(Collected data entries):
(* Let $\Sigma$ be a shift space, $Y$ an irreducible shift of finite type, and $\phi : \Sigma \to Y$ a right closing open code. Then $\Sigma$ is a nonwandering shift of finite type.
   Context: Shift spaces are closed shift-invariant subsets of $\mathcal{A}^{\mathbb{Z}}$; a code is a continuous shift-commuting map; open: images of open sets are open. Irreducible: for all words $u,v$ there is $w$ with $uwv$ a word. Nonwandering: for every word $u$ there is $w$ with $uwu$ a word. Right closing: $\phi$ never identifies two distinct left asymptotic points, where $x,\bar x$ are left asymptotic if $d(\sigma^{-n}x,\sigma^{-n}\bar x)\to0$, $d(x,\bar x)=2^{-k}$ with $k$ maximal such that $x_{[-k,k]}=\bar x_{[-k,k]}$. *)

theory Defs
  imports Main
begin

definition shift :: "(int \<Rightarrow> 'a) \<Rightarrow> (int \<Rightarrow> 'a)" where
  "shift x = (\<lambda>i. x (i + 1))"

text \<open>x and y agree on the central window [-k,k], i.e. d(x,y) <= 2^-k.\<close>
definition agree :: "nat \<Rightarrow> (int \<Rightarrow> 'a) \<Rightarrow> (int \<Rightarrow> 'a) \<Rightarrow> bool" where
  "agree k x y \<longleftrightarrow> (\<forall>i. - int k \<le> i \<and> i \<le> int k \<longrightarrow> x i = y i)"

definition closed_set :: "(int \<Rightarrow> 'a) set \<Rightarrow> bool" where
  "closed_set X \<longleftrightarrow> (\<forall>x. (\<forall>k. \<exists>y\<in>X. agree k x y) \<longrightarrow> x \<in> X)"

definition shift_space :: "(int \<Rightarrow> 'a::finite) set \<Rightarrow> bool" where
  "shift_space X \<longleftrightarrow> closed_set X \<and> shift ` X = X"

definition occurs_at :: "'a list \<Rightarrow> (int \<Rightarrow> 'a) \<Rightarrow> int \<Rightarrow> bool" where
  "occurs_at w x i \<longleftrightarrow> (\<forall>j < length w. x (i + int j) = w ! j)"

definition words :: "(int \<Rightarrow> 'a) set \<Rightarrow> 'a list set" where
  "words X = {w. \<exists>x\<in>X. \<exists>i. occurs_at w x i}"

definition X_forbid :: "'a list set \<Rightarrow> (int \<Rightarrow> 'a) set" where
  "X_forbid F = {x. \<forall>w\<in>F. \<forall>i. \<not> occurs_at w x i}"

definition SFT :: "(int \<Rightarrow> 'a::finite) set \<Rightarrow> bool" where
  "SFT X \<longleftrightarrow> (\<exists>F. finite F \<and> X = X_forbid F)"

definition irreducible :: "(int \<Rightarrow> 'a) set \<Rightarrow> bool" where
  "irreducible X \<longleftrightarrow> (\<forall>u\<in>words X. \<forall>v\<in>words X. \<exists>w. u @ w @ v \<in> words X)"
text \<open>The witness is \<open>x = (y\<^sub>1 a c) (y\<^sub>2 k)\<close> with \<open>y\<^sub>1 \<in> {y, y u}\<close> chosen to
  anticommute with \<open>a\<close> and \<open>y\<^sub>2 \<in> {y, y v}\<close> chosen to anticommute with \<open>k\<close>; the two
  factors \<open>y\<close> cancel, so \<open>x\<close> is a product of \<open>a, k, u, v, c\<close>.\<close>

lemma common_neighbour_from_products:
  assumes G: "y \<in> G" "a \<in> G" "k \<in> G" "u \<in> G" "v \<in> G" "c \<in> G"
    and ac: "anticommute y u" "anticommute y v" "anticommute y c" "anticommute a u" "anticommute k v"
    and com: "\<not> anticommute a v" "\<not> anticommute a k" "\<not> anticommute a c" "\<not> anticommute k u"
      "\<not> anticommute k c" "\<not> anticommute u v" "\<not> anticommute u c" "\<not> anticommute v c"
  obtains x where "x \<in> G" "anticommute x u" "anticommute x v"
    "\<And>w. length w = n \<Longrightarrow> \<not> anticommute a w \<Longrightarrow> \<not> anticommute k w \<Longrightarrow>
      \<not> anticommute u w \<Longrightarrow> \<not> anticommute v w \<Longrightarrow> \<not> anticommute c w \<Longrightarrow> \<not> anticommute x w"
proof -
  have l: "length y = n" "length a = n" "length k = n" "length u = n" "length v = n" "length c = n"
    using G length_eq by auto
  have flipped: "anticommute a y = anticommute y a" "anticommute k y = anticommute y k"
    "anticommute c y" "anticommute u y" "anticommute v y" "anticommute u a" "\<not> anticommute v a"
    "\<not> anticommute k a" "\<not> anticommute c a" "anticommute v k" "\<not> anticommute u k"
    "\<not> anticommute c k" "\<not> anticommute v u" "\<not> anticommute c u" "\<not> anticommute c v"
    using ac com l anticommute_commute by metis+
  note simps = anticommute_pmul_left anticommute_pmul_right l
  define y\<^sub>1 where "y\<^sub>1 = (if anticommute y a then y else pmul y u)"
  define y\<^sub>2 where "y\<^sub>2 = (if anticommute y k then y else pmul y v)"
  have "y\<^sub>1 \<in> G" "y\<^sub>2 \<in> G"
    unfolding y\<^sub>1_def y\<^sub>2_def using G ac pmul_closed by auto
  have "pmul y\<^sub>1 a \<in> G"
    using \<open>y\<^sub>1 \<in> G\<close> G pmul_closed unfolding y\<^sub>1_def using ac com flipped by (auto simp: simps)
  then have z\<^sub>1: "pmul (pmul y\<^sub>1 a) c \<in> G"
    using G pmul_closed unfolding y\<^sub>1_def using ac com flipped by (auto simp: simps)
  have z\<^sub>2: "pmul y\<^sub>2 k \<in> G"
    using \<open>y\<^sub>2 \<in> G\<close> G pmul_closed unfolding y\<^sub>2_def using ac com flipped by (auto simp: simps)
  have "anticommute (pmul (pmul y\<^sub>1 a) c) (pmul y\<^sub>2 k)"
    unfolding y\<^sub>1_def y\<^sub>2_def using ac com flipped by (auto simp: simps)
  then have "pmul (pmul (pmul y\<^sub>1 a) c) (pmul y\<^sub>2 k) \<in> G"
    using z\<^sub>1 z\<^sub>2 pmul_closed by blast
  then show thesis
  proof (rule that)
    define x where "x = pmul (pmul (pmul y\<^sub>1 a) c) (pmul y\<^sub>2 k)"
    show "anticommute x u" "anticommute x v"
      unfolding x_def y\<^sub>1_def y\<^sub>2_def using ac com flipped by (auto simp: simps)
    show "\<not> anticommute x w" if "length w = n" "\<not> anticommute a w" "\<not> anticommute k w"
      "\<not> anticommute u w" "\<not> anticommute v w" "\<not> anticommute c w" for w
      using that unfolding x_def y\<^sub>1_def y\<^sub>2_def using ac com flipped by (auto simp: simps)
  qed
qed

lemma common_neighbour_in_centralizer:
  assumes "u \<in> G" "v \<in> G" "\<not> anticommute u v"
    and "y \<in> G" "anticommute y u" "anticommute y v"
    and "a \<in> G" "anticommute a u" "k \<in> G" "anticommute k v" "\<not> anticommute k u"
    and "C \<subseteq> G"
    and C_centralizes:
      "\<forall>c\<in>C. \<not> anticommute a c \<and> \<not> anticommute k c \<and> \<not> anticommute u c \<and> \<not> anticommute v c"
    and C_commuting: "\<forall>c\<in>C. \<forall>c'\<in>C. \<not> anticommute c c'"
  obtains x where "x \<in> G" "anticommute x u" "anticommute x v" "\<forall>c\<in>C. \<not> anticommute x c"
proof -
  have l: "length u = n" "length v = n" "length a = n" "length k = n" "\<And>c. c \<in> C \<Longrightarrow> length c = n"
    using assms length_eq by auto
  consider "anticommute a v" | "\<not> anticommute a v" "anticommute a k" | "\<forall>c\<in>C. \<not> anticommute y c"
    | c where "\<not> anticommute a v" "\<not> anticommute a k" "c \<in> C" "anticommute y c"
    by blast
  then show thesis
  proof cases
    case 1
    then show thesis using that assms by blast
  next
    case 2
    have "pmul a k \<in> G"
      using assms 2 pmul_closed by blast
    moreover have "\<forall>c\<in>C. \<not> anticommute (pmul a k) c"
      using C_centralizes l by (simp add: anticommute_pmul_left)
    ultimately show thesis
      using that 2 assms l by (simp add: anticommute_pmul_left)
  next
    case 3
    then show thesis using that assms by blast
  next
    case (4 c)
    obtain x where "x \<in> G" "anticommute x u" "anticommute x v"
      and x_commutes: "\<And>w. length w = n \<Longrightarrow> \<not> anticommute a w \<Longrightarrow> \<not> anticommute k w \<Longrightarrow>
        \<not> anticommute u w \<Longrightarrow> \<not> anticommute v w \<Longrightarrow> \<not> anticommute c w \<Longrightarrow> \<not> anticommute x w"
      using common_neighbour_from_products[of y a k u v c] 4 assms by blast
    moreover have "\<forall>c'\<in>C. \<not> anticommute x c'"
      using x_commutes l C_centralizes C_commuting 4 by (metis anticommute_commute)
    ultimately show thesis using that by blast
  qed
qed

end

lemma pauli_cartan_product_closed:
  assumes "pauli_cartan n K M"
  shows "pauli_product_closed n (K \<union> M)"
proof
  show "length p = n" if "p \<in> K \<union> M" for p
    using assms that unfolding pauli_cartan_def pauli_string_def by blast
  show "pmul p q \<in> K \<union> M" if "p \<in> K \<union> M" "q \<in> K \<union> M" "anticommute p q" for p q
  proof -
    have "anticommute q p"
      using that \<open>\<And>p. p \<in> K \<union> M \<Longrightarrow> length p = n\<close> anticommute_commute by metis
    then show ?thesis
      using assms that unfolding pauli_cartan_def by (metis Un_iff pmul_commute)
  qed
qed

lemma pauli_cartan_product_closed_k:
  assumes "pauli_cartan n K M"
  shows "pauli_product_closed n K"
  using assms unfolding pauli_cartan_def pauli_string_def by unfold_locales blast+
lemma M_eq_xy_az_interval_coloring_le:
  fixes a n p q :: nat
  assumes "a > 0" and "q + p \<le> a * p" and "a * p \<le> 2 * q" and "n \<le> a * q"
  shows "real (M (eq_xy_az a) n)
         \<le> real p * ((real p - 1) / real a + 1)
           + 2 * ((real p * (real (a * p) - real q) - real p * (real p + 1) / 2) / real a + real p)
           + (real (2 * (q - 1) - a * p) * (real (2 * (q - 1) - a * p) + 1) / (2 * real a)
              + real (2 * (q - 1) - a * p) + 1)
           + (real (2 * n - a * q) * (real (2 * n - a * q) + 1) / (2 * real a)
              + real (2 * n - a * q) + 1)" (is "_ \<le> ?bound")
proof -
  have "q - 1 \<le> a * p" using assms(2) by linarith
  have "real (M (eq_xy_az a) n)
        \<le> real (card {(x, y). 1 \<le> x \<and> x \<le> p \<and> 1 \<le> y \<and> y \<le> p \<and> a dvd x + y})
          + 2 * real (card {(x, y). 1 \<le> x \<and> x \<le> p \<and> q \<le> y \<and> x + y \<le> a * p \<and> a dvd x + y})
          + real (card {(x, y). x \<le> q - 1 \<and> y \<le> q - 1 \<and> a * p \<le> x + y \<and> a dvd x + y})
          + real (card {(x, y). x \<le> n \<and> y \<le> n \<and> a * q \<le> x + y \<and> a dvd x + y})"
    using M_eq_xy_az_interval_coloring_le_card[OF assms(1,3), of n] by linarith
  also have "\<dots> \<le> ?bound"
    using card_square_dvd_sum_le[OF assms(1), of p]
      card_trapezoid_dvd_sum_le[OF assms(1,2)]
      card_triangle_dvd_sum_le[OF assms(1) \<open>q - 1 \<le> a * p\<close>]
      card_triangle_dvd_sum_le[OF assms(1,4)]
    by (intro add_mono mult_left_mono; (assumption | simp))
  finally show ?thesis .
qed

--

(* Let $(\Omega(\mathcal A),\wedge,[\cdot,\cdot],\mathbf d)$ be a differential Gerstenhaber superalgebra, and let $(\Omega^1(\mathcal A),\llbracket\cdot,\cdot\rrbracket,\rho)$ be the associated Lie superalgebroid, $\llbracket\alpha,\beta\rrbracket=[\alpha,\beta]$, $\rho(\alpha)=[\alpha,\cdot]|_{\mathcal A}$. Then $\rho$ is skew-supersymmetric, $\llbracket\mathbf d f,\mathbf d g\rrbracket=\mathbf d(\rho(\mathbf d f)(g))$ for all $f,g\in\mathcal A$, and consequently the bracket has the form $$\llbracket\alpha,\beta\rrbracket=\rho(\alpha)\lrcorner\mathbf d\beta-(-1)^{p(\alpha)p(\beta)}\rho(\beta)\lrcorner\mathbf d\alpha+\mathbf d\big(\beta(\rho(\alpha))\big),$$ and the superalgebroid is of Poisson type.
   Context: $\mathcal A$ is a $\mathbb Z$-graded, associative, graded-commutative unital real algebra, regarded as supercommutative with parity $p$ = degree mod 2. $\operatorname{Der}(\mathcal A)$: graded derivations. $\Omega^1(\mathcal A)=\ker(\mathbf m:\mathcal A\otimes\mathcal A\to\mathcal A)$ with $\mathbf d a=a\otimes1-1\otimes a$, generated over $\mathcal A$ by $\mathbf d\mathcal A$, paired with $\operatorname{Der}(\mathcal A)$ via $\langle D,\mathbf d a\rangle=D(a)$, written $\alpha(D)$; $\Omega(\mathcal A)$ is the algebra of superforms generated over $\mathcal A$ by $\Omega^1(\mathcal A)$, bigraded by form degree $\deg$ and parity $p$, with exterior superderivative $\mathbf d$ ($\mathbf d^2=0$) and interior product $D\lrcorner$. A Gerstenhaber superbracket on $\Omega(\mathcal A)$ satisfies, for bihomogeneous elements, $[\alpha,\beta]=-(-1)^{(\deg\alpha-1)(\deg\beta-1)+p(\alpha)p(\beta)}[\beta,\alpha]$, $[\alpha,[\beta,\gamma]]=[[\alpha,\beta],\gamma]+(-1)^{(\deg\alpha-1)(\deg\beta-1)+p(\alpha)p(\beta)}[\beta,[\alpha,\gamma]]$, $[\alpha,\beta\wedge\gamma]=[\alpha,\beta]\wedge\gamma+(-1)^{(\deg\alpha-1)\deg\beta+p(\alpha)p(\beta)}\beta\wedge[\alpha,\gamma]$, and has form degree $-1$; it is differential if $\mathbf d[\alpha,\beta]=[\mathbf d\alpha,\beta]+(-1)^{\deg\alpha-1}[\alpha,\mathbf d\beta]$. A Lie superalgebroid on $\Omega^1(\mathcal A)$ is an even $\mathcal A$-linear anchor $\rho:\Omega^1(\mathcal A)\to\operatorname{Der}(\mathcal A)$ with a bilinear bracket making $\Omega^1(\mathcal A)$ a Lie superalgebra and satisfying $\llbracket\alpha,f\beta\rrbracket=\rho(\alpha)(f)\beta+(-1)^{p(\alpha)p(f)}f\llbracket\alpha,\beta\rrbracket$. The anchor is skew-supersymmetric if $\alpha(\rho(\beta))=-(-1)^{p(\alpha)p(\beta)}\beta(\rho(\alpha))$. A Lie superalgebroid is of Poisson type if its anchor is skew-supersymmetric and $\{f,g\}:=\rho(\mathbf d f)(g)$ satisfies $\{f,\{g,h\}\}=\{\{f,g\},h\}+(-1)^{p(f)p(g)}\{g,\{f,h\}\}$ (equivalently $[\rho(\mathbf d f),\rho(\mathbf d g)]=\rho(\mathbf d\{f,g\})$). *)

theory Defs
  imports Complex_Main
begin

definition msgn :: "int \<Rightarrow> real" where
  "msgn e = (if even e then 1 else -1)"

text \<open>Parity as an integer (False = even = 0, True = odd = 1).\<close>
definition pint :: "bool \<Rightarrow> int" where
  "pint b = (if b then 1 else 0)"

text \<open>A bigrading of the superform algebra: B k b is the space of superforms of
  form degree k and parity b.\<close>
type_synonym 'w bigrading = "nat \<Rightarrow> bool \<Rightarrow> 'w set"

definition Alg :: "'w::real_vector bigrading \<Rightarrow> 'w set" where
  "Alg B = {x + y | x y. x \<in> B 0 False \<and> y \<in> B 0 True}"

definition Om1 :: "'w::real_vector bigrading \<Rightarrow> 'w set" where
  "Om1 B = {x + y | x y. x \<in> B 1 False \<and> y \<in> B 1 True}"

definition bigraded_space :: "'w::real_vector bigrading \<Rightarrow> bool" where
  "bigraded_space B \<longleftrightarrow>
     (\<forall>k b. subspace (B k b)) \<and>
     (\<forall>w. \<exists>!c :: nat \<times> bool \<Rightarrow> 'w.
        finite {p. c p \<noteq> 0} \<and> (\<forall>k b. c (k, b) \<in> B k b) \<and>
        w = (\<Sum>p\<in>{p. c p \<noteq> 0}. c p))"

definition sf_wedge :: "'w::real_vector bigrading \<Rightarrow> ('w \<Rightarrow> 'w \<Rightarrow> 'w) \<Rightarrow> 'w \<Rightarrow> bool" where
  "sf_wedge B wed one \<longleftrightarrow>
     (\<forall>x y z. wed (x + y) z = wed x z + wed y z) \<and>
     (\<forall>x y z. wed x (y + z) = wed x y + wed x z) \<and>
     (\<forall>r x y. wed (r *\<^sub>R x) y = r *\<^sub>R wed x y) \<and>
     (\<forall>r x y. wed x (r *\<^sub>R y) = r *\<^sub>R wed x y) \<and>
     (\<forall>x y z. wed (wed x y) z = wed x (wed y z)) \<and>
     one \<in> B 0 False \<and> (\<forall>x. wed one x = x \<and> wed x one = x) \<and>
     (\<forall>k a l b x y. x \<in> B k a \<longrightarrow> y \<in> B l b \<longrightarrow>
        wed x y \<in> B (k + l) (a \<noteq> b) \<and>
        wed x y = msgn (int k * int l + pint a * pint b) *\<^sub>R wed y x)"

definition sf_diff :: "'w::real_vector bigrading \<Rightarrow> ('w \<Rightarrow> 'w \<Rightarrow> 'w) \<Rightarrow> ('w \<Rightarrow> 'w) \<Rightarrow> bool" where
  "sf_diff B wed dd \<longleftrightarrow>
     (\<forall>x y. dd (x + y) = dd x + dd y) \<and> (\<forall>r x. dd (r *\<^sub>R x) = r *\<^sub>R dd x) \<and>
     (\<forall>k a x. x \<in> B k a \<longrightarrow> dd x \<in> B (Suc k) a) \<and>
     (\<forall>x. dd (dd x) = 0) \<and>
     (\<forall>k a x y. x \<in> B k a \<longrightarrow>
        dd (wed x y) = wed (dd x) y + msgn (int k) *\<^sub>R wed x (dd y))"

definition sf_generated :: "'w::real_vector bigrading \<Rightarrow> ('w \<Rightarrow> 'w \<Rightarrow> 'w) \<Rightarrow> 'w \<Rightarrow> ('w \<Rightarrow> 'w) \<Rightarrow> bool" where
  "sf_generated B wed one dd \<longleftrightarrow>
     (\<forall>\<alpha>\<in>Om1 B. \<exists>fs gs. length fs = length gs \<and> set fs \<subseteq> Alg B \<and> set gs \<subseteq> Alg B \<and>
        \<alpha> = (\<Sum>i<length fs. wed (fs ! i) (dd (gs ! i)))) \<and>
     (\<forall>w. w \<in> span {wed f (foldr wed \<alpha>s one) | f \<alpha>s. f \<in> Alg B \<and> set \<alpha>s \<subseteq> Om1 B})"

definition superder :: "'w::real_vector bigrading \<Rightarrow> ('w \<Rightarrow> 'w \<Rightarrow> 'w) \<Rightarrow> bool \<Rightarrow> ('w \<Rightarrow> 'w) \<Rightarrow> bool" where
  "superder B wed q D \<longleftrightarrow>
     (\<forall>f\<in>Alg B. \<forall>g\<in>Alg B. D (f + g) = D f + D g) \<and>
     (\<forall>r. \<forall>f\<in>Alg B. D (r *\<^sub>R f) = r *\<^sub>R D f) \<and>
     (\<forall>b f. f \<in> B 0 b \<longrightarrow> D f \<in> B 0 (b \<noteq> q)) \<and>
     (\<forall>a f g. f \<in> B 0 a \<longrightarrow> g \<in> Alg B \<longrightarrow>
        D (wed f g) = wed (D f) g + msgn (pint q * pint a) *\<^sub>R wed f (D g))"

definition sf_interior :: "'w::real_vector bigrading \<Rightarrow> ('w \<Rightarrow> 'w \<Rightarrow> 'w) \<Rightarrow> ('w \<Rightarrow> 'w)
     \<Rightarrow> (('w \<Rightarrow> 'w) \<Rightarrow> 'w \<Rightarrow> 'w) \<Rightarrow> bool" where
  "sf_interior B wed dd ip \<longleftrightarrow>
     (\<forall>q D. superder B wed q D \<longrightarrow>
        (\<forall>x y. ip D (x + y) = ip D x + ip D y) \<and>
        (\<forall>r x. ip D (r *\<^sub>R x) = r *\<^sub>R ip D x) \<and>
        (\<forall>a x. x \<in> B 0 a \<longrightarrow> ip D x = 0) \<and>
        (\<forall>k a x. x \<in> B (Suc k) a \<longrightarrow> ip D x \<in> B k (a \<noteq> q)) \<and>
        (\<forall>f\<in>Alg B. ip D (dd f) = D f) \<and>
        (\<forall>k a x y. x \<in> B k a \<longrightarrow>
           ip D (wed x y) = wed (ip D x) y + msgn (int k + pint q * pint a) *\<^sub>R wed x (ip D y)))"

==

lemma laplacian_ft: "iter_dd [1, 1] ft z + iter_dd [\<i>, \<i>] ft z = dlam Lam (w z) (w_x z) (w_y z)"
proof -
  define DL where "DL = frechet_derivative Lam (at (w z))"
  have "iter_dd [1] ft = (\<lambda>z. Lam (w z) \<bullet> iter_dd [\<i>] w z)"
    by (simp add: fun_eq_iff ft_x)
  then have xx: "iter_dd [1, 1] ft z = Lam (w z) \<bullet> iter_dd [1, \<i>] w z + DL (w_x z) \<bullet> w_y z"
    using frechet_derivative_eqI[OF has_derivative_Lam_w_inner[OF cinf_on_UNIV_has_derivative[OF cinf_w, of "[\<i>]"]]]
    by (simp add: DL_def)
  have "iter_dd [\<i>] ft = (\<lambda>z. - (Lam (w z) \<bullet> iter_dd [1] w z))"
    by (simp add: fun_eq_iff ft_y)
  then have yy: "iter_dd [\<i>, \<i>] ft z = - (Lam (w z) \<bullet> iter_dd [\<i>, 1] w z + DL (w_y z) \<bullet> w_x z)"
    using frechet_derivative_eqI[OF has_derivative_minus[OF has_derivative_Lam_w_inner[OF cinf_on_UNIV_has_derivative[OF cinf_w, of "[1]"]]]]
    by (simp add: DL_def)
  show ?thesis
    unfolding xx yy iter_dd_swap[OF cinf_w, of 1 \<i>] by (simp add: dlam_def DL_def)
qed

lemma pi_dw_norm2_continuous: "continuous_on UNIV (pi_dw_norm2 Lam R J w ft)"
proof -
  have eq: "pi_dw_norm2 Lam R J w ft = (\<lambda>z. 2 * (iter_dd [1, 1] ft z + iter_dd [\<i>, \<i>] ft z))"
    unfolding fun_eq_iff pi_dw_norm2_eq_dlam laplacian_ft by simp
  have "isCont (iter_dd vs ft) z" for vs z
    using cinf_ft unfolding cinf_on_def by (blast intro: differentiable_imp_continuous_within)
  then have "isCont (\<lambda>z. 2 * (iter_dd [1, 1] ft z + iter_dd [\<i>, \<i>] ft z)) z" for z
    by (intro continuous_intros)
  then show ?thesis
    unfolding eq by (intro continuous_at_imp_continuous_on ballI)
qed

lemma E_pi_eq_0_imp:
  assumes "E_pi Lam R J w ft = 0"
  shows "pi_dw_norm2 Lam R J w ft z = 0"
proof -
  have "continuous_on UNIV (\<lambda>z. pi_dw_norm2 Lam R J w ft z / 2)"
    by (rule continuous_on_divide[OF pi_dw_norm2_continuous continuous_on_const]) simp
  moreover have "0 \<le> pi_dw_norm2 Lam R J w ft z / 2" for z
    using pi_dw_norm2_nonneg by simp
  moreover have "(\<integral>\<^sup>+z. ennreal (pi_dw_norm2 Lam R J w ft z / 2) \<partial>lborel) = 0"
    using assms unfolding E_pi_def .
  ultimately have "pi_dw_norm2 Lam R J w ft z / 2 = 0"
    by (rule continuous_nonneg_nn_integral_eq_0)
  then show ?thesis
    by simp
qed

(What is needed): Where the data above reaches the line holding "using assms unfolding pauli_cartan_def", begin printing, and stop after the line holding "assms(2) by linarith". Each line must be reproduced exactly, with nothing else added.

(Task answer):
  using assms unfolding pauli_cartan_def pauli_string_def by unfold_locales blast+
lemma M_eq_xy_az_interval_coloring_le:
  fixes a n p q :: nat
  assumes "a > 0" and "q + p \<le> a * p" and "a * p \<le> 2 * q" and "n \<le> a * q"
  shows "real (M (eq_xy_az a) n)
         \<le> real p * ((real p - 1) / real a + 1)
           + 2 * ((real p * (real (a * p) - real q) - real p * (real p + 1) / 2) / real a + real p)
           + (real (2 * (q - 1) - a * p) * (real (2 * (q - 1) - a * p) + 1) / (2 * real a)
              + real (2 * (q - 1) - a * p) + 1)
           + (real (2 * n - a * q) * (real (2 * n - a * q) + 1) / (2 * real a)
              + real (2 * n - a * q) + 1)" (is "_ \<le> ?bound")
proof -
  have "q - 1 \<le> a * p" using assms(2) by linarith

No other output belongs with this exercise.